The tensor contraction multiplies two tensors along the given axis. Let tensor \(\mathcal{X} \in \mathbb{R}^{\mathit{I}_1 \times \cdots \times \mathit{I}_M \times \mathit{J}_1 \times \cdots \times \mathit{J}_N}\), and tensor \(\mathcal{Y} \in \mathbb{R}^{\mathit{I}_1 \times \cdots \times \mathit{I}_M \times \mathit{K}_1 \times \cdots \times \mathit{K}_P}\), then multiplying both tensors along the first \(M\) modes can be denoted by \(\mathcal{Z} = \langle \mathcal{X} , \mathcal{Y} \rangle_{ \{ 1, \dots , M; 1, \dots, M \} }\). And the size of \(\mathcal{Z}\) is \(\mathit{J}_1 \times \cdots \times \mathit{J}_N \times \mathit{K}_1 \times \cdots \times \mathit{K}_P\). See Cichocki’s [3] for more details.

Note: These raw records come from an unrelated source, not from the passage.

subsection \<open>Attaining the bound on the Hilbert basis\<close>

lemma H_star_ratio_lower_bound:
  assumes "primitive m" "v \<in> Delta ms e" "s \<in> H_star ms m"
  shows "of_int (\<Sum>i\<in>UNIV. s $ i * e i) / of_int (lam ms m s) \<ge> - pairing m v"
proof -
  have "\<forall>i. rvec s $ i \<ge> 0"
    using assms(3) by (auto simp: H_star_eq irreducibles_def lattice_points_fiber_cone_iff)
  then have "cost e (rvec s) \<ge> - of_int (lam ms m s) * pairing m v"
    using weak_duality H_star_lam[OF assms(1,3)] assms(2) by blast
  then show ?thesis
    using H_star_lam(1)[OF assms(1,3)] by (simp add: cost_rvec pos_le_divide_eq mult.commute)
qed

lemma common_denominator:
  fixes y :: "'a \<Rightarrow> rat"
  shows "finite A \<Longrightarrow> \<exists>N::int. N > 0 \<and> (\<forall>i\<in>A. \<exists>z::int. of_int N * y i = of_int z)"
proof (induction A rule: finite_induct)
  case empty
  then show ?case by (intro exI[of _ 1]) auto
next
  case (insert a A)
  then obtain N where N: "N > 0" "\<forall>i\<in>A. \<exists>z::int. of_int N * y i = of_int z" by blast
  obtain p b where pb: "quotient_of (y a) = (p, b)" by (cases "quotient_of (y a)")
  have b: "b > 0" "y a = of_int p / of_int b"
    using quotient_of_denom_pos[OF pb] quotient_of_div[OF pb] by auto
  have "\<exists>z::int. of_int (N * b) * y i = of_int z" if i: "i \<in> insert a A" for i
  proof (cases "i = a")
    case True
    then show ?thesis using b by (intro exI[of _ "N * p"]) auto
  next
    case False
    then obtain z where "of_int N * y i = (of_int z :: rat)" using N i by auto
    then show ?thesis by (intro exI[of _ "b * z"]) (simp add: mult.commute mult.left_commute)
  qed
  then show ?case using N b by (intro exI[of _ "N * b"]) auto
qed

lemma integral_multiple_in_fiber_cone:
  assumes "\<forall>i. y $ i \<ge> 0" "pmap ms y = rvec m"
  shows "\<exists>N s. N > 0 \<and> s \<in> lattice_points (fiber_cone ms m) \<and> rvec s = of_int N *s y"
proof -
  obtain N where N: "N > 0" "\<forall>i\<in>UNIV. \<exists>z::int. of_int N * y $ i = of_int z"
    using common_denominator[of UNIV "\<lambda>i. y $ i"] by auto
  then obtain z where z: "\<forall>i. of_int N * y $ i = of_int (z i)" using bchoice[OF N(2)] by auto
  define s where "s = (\<chi> i. z i)"
  have rvec_s: "rvec s = of_int N *s y" using z by (simp add: s_def vec_eq_iff)
  moreover have "pmap ms (rvec s) = of_int N *s rvec m"
    using assms(2) by (simp add: rvec_s pmap_smult)
  moreover have "s $ i \<ge> 0" for i
  proof -
    have "(of_int (s $ i) :: rat) = of_int N * y $ i" using z by (simp add: s_def)
    also have "\<dots> \<ge> 0" using N(1) assms(1) by simp
    finally show ?thesis by simp
  qed
  ultimately have "s \<in> lattice_points (fiber_cone ms m)"
    using N(1) unfolding lattice_points_fiber_cone_iff by (auto intro!: exI[of _ "of_int N"])
  then show ?thesis using N(1) rvec_s by blast
qed

lemma weighted_sum_bound_attained:
  fixes a f q :: "'a \<Rightarrow> 'b::linordered_field"
  assumes "finite F" "\<forall>h\<in>F. a h \<ge> 0" "\<forall>h\<in>F. f h \<ge> c * q h"
    and "(\<Sum>h\<in>F. a h * f h) \<le> c * (\<Sum>h\<in>F. a h * q h)" "(\<Sum>h\<in>F. a h * q h) > 0"
  shows "\<exists>h\<in>F. q h > 0 \<and> f h = c * q h"
proof -
  have nonneg: "\<forall>h\<in>F. a h * (f h - c * q h) \<ge> 0" using assms(2,3) by simp
  have "(\<Sum>h\<in>F. a h * (f h - c * q h)) \<le> 0"
    using assms(4) by (simp add: right_diff_distrib sum_subtractf sum_distrib_left mult.left_commute)
  moreover have "(\<Sum>h\<in>F. a h * (f h - c * q h)) \<ge> 0" using nonneg by (simp add: sum_nonneg)
  ultimately have "(\<Sum>h\<in>F. a h * (f h - c * q h)) = 0" by (rule antisym)
  then have zero: "\<forall>h\<in>F. a h * (f h - c * q h) = 0"
    using sum_nonneg_eq_0_iff[OF assms(1), of "\<lambda>h. a h * (f h - c * q h)"] nonneg by blast
  have "\<exists>h\<in>F. a h * q h > 0"
  proof (rule ccontr)
    assume "\<not> ?thesis"
    then have "(\<Sum>h\<in>F. a h * q h) \<le> 0" by (simp add: sum_nonpos not_less)
    then show False using assms(5) by simp
  qed
  then obtain h where h: "h \<in> F" "a h * q h > 0" by blast
  then have "a h > 0" "q h > 0" using assms(2) by (auto simp: zero_less_mult_iff)
  then show ?thesis using h zero by auto
qed
(* Let $\mu>0$ and $d\in(0,1)$. For integers $N,L\ge1$ let $M=N+L$ and let $(\tau_1,\dots,\tau_M)\in\{0,1\}^M$ be uniformly distributed among configurations with $\sum_i\tau_i=N$ (the stationary distribution of TASEP on a ring of $M$ sites with $N$ particles), with $\tau_{M+1}=\tau_1$. Define $\phi=\frac{\mu}{M}\sum_{i=1}^M\tau_i(1-\tau_{i+1})$. Then as $N,L\to\infty$ with $N/(N+L)\to d$, $$L\cdot\mathrm{Var}(\phi)\longrightarrow \mu^2\,d^2(1-d)^3,$$ i.e. $\mathrm{Var}(\phi)=\frac{1-d}{L}\,d^2(1-d)^2\mu^2+o(1/L)$. *)

theory Defs
  imports "HOL-Probability.Probability"
begin

text \<open>TASEP configurations on a ring of M = N + L sites (indexed 0..M-1) with exactly N particles.\<close>
definition tasep_configs :: "nat \<Rightarrow> nat \<Rightarrow> bool list set" where
  "tasep_configs N L = {xs. length xs = N + L \<and> count_list xs True = N}"

definition tasep_stationary :: "nat \<Rightarrow> nat \<Rightarrow> bool list pmf" where
  "tasep_stationary N L = pmf_of_set (tasep_configs N L)"

definition tasep_phi :: "real \<Rightarrow> nat \<Rightarrow> nat \<Rightarrow> bool list \<Rightarrow> real" where
  "tasep_phi \<mu> N L xs =
     (let M = N + L in
      \<mu> / real M * (\<Sum>i<M. (if xs ! i then 1 else 0) * (1 - (if xs ! ((i + 1) mod M) then 1 else 0))))"

end

theory Submission
  imports Defs
begin

(*
  Write M = N + L and call a site i a descent of a ring configuration xs
  if xs!i holds and xs!((i+1) mod M) does not; then phi = mu/M * J, where J counts descents.
  Under the uniform distribution on configurations with N particles, prescribing particles
  on a set P of sites and holes on a disjoint set Q leaves
  (M - |P| - |Q|) choose (N - |P|) configurations.  Hence every site is a descent in
  (M-2) choose (N-1) configurations, two non-adjacent sites simultaneously in
  (M-4) choose (N-2) configurations, and two adjacent sites never.  Summing over pairs of
  sites gives the first two moments of J, and binomial absorption identities turn them into
    E J = N L/(M-1),   E J^2 = N L/(M-1) + N(N-1) L(L-1)/((M-1)(M-2)),
  so that Var phi = mu^2 N(N-1) L(L-1) / (M^2 (M-1)^2 (M-2)) exactly (for N, L >= 2).
*)

section \<open>Counting configurations with a prescribed pattern\<close>

lemma count_list_True_eq_card: "count_list xs True = card {i. i < length xs \<and> xs ! i}"
  by (simp add: count_list_eq_length_filter length_filter_conv_card)

text \<open>Fixing particles on P and holes on Q, the remaining N - |P| particles are placed freely
  on the M - |P| - |Q| remaining sites.\<close>
lemma card_configs_with_pattern:
  assumes P: "P \<subseteq> {..<N+L}" and Q: "Q \<subseteq> {..<N+L}" and PQ: "P \<inter> Q = {}"
    and card_P: "card P \<le> N"
  shows "card {xs \<in> tasep_configs N L. (\<forall>i\<in>P. xs!i) \<and> (\<forall>i\<in>Q. \<not> xs!i)}
         = (N + L - card P - card Q) choose (N - card P)"
proof -
  define M where "M = N + L"
  let ?A = "{xs \<in> tasep_configs N L. (\<forall>i\<in>P. xs!i) \<and> (\<forall>i\<in>Q. \<not> xs!i)}"
  let ?D = "{..<M} - P - Q"
  let ?B = "{B. B \<subseteq> ?D \<and> card B = N - card P}"
  define extra where "extra xs = {i. i < M \<and> xs!i} - P" for xs :: "bool list"
  define config where "config B = map (\<lambda>i. i \<in> B \<union> P) [0..<M]" for B
  have fin_P: "finite P" and fin_Q: "finite Q"
    using P Q finite_subset by (auto simp: M_def)
  have "bij_betw extra ?A ?B"
  proof (rule bij_betw_byWitness[where f'=config])
    show "\<forall>xs\<in>?A. config (extra xs) = xs"
      by (auto simp: config_def extra_def tasep_configs_def M_def list_eq_iff_nth_eq)
    show "\<forall>B\<in>?B. extra (config B) = B"
      by (auto simp: config_def extra_def)
    show "extra ` ?A \<subseteq> ?B"
    proof
      fix B assume "B \<in> extra ` ?A"
      then obtain xs where xs: "xs \<in> ?A" and B: "B = extra xs" by blast
      have "{i. i < M \<and> xs!i} = B \<union> P" "B \<inter> P = {}" "finite B"
        using xs P by (auto simp: B extra_def tasep_configs_def M_def)
      moreover have "card {i. i < M \<and> xs!i} = N"
        using xs by (clarsimp simp: tasep_configs_def count_list_True_eq_card M_def)
      ultimately have "card B = N - card P" using fin_P by (simp add: card_Un_disjoint)
      moreover have "B \<subseteq> ?D" using xs by (auto simp: B extra_def)
      ultimately show "B \<in> ?B" by simp
    qed
    show "config ` ?B \<subseteq> ?A"
    proof
      fix xs assume "xs \<in> config ` ?B"
      then obtain B where B: "B \<in> ?B" and xs: "xs = config B" by blast
      have "{i. i < length xs \<and> xs!i} = B \<union> P" "B \<inter> P = {}" "finite B"
        using B P by (auto simp: xs config_def M_def intro: finite_subset)
      then have "count_list xs True = N"
        using B card_P fin_P by (simp add: count_list_True_eq_card card_Un_disjoint)
      moreover have "\<forall>i\<in>P. xs!i" "\<forall>i\<in>Q. \<not> xs!i"
        using P Q B PQ by (force simp: xs config_def M_def)+
      ultimately show "xs \<in> ?A" by (simp add: xs config_def tasep_configs_def M_def)
    qed
  qed
  then have "card ?A = card ?D choose (N - card P)"
    by (simp add: bij_betw_same_card n_subsets)
  moreover have "card ?D = M - card P - card Q"
  proof -
    have "card ?D = card ({..<M} - P) - card Q"
      using Q PQ fin_Q by (subst card_Diff_subset) (auto simp: M_def)
    also have "card ({..<M} - P) = M - card P"
      using P fin_P by (simp add: card_Diff_subset M_def)
    finally show ?thesis .
  qed
  ultimately show ?thesis by (simp add: M_def)
qed

corollary card_tasep_configs: "card (tasep_configs N L) = (N + L) choose N"
  using card_configs_with_pattern[of "{}" N L "{}"] by simp

section \<open>Descents of a ring configuration\<close>

definition descent_at :: "nat \<Rightarrow> bool list \<Rightarrow> nat \<Rightarrow> bool" where
  "descent_at M xs i \<longleftrightarrow> xs ! i \<and> \<not> xs ! ((i + 1) mod M)"

definition descent_count :: "nat \<Rightarrow> bool list \<Rightarrow> real" where
  "descent_count M xs = (\<Sum>i<M. if descent_at M xs i then 1 else 0)"

lemma tasep_phi_eq_descent_count:
  "tasep_phi \<mu> N L = (\<lambda>xs. \<mu> / real (N + L) * descent_count (N + L) xs)"
  unfolding tasep_phi_def descent_count_def descent_at_def Let_def
  by (intro ext arg_cong[where f = "\<lambda>s. _ * s"] sum.cong) auto

lemma Suc_mod_eq: "(i::nat) < M \<Longrightarrow> Suc i mod M = (if Suc i = M then 0 else Suc i)"
  by auto

lemma Suc_mod_neq: "(i::nat) < M \<Longrightarrow> 2 \<le> M \<Longrightarrow> (i + 1) mod M \<noteq> i"
  by (simp add: Suc_mod_eq)

lemma Suc_mod_inj: "(i::nat) < M \<Longrightarrow> j < M \<Longrightarrow> (i + 1) mod M = (j + 1) mod M \<Longrightarrow> i = j"
  by (simp add: Suc_mod_eq split: if_splits)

To perform tensor contraction:

>>> X = tf.constant(np.random.rand(I1, ..., IM, J1, ..., JN))
>>> Y = tf.constant(np.random.rand(I1, ..., IM, K1, ..., KP))
>>> Z = ops.mul(X, Y,  a_axis=[0,1,...,M-1], b_axis=[0,1,...,M-1])    # either a_axis or b_axis can also be tuple or a single integer
>>> tf.Session().run(Z)    # Z is a tf.Tensor object

The arguments a_axis and b_axis specifying the modes of \(\mathcal{X}\) and \(\mathcal{Y}\) for contraction are not consecutive necessarily, but the sizes of corresponding dimensions must be equal.

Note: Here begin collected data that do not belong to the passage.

(* Let $G$ be a number all of whose options are numbers, and let $H$ be any game with $L(H)\neq\emptyset$. Then every Left option $G^L\in L(G)$ is strictly dominated in $G\mathbin{:}H$, i.e. there is a Left option $K$ of $G\mathbin{:}H$ with $G^L<K$.
   Context: Games are short normal-play combinatorial games, written $G\cong\{L(G)\mid R(G)\}$ with $L(G)$, $R(G)$ the Left and Right options; $<,\le,=$ denote the usual order and equality of game values. The ordinal sum is defined recursively by $G\mathbin{:}H\cong\{L(G),\,G\mathbin{:}L(H)\mid R(G),\,G\mathbin{:}R(H)\}$ (moving in $H$ keeps $G$; moving in $G$ discards $H$). A number is a game $G$ with $G^L<G<G^R$ for all $G^L\in L(G)$, $G^R\in R(G)$ (short numbers have values in the dyadic rationals). *)

theory Defs
  imports Main
begin

datatype game = Game "game list" "game list"

fun lopts :: "game \<Rightarrow> game list" where "lopts (Game l r) = l"
fun ropts :: "game \<Rightarrow> game list" where "ropts (Game l r) = r"

definition L :: "game \<Rightarrow> game set" where "L g = set (lopts g)"
definition R :: "game \<Rightarrow> game set" where "R g = set (ropts g)"

lemma size_opt: "x \<in> set xs \<Longrightarrow> size x < Suc (size_list size xs + size_list size ys)"
  "x \<in> set ys \<Longrightarrow> size x < Suc (size_list size xs + size_list size ys)"
  by (auto dest: size_list_estimation'[of _ _ _ size, OF _ le_refl])

function game_le :: "game \<Rightarrow> game \<Rightarrow> bool" where
  "game_le (Game gl gr) (Game hl hr) =
     ((\<forall>x\<in>set gl. \<not> game_le (Game hl hr) x) \<and> (\<forall>y\<in>set hr. \<not> game_le y (Game gl gr)))"
  by pat_completeness auto
termination
  by (relation "measure (\<lambda>(a,b). size a + size b)") (auto dest: size_opt)

definition game_lt :: "game \<Rightarrow> game \<Rightarrow> bool" where
  "game_lt g h \<longleftrightarrow> game_le g h \<and> \<not> game_le h g"

primrec ordsum :: "game \<Rightarrow> game \<Rightarrow> game" where
  "ordsum g (Game hl hr) = Game (lopts g @ map (ordsum g) hl) (ropts g @ map (ordsum g) hr)"

definition is_number :: "game \<Rightarrow> bool" where
  "is_number g \<longleftrightarrow> (\<forall>x\<in>L g. game_lt x g) \<and> (\<forall>y\<in>R g. game_lt g y)"

end

theory Submission
  imports Defs
begin

text \<open>Take \<open>K = G:H\<^sup>L\<close> for any \<open>H\<^sup>L \<in> L(H)\<close>. Since \<open>G\<^sup>L\<close> is itself a Left option of \<open>G:X\<close>
  for every \<open>X\<close>, no \<open>G:X\<close> lies below \<open>G\<^sup>L\<close>; this settles \<open>K \<le> G\<^sup>L\<close> and the Right options of \<open>K\<close>
  coming from \<open>H\<^sup>L\<close>. The remaining conditions for \<open>G\<^sup>L \<le> K\<close> come from \<open>G\<^sup>L\<close> and \<open>G\<close> being
  numbers: \<open>G\<^sup>L\<close> dominates its own Left options, and \<open>G\<^sup>L < G < G\<^sup>R\<close> rules out \<open>G\<^sup>R \<le> G\<^sup>L\<close>.\<close>

lemma game_le_iff:
  "game_le g h \<longleftrightarrow> (\<forall>x\<in>L g. \<not> game_le h x) \<and> (\<forall>y\<in>R h. \<not> game_le y g)"
  by (cases g; cases h) (simp add: L_def R_def)

lemma size_L_less: "x \<in> L g \<Longrightarrow> size x < size g"
  by (cases g) (auto simp: L_def dest: size_opt)

lemma size_R_less: "x \<in> R g \<Longrightarrow> size x < size g"
  by (cases g) (auto simp: R_def dest: size_opt)

lemma game_le_refl: "game_le g g"
proof (induction g rule: measure_induct_rule[of size])
  case (less g)
  show ?case
  proof (subst game_le_iff, intro conjI ballI)
    fix x assume x: "x \<in> L g"
    have "game_le x x" using less size_L_less[OF x] by blast
    then show "\<not> game_le g x" using x by (subst game_le_iff) blast
  next
    fix y assume y: "y \<in> R g"
    have "game_le y y" using less size_R_less[OF y] by blast
    then show "\<not> game_le y g" using y by (subst game_le_iff) blast
  qed
qed

lemma game_le_trans: "game_le x y \<Longrightarrow> game_le y z \<Longrightarrow> game_le x z"
proof (induction "size x + size y + size z" arbitrary: x y z rule: less_induct)
  case less
  show ?case
  proof (subst game_le_iff, intro conjI ballI notI)
    fix a assume a: "a \<in> L x" and "game_le z a"
    then have "game_le y a" using less(1)[of y z a] less(3) size_L_less[OF a] by simp
    then show False using less(2) a by (subst (asm) game_le_iff) blast
  next
    fix a assume a: "a \<in> R z" and "game_le a x"
    then have "game_le a y" using less(1)[of a x y] less(2) size_R_less[OF a] by simp
    then show False using less(3) a by (subst (asm) game_le_iff) blast
  qed
qed

lemma not_le_left_option: "x \<in> L g \<Longrightarrow> \<not> game_le g x"
  using game_le_refl by (subst game_le_iff) blast

lemma is_number_left_lt: "is_number g \<Longrightarrow> x \<in> L g \<Longrightarrow> game_lt x g"
  by (simp add: is_number_def)

lemma is_number_lt_right: "is_number g \<Longrightarrow> y \<in> R g \<Longrightarrow> game_lt g y"
  by (simp add: is_number_def)

lemma L_ordsum: "L (ordsum g h) = L g \<union> ordsum g ` L h"
  by (cases h) (simp add: L_def)

lemma R_ordsum: "R (ordsum g h) = R g \<union> ordsum g ` R h"
  by (cases h) (simp add: R_def)

lemma not_ordsum_le_left_option: "x \<in> L g \<Longrightarrow> \<not> game_le (ordsum g h) x"
  by (rule not_le_left_option) (simp add: L_ordsum)

lemma left_option_le_ordsum:
  assumes "is_number g" and "is_number x" and "x \<in> L g"
  shows "game_le x (ordsum g h)"
proof (subst game_le_iff, intro conjI ballI notI)
  fix a assume "a \<in> L x" and "game_le (ordsum g h) a"
  moreover have "game_le a x" using \<open>is_number x\<close> \<open>a \<in> L x\<close> is_number_left_lt game_lt_def by blast
  ultimately show False using game_le_trans not_ordsum_le_left_option[OF \<open>x \<in> L g\<close>] by blast
next
  fix b assume b: "b \<in> R (ordsum g h)" and "game_le b x"
  then consider "b \<in> R g" | y where "b = ordsum g y" by (auto simp: R_ordsum)
  then show False
  proof cases
    case 1
    have "game_le x g" using assms(1,3) is_number_left_lt game_lt_def by blast
    moreover have "\<not> game_le b g" using assms(1) 1 is_number_lt_right game_lt_def by blast
    ultimately show False using \<open>game_le b x\<close> game_le_trans by blast
  next
    case 2
    then show False using \<open>game_le b x\<close> not_ordsum_le_left_option[OF assms(3)] by blast
  qed
qed

lemma left_option_lt_ordsum:
  assumes "is_number g" and "is_number x" and "x \<in> L g"
  shows "game_lt x (ordsum g h)"
  using left_option_le_ordsum[OF assms] not_ordsum_le_left_option[OF assms(3)]
  by (simp add: game_lt_def)

theorem proposition2p6:
  fixes G H GL :: game
  assumes "is_number G"
    and "\<forall>X \<in> L G \<union> R G. is_number X"
    and "L H \<noteq> {}"
    and "GL \<in> L G"
  shows "\<exists>K \<in> L (ordsum G H). game_lt GL K"
proof -
  obtain HL where "HL \<in> L H" using assms(3) by blast
  then have "ordsum G HL \<in> L (ordsum G H)" by (simp add: L_ordsum)
  moreover have "game_lt GL (ordsum G HL)"
    using left_option_lt_ordsum assms(1,2,4) by blast
  ultimately show ?thesis by blast
qed

end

Classic matrix multiplication can also be performed with mul():

>>> A = tf.constant(np.random.rand(4,5))    # matrix A with shape (4, 5)
>>> B = tf.constant(np.random.rand(5,4))    # matrix B with shape (5, 4)
>>> C = ops.mul(A, B, 1, 0)    # same as tf.matmul(A, B, transpose_a=False, transpose_b=False)
>>> D = ops.mul(A, B, 0, 1)    # same as tf.matmul(A, B, transpose_a=True, transpose_b=True)

Class DTensor also provides class method DTensor.mul():

>>> X_dtensor = DTensor(np.random.rand(4,5))
>>> Y_dtensor = DTensor(np.random.rand(5,4))
>>> Z_dtensor = X_dtensor.mul(Y_dtensor, a_axis=1, b_axis=0)
# same as DTensor( tf.matmul(X_dtensor.T, Y_dtensor.T, transpose_a=False, transpose_b=False) )

The argument tensor of DTensor.mul() only accepts DTensor object.

2.3. References

[1]	Tamara G. Kolda and Brett W. Bader, “Tensor Decompositions and Applications”, SIAM REVIEW, vol. 51, n. 3, pp. 455-500, 2009.

[2]	Tamara G. Kolda and Brett W. Bader, “Algorithm 862: MATLAB tensor classes for fast algorithm prototyping”, ACM Trans. Math. Softw, 32 (4): 635-653 (2006)

[3]	Cichocki, Andrzej. “Era of big data processing: A new approach via tensor networks and tensor decompositions.” arXiv preprint arXiv:1403.2048 (2014).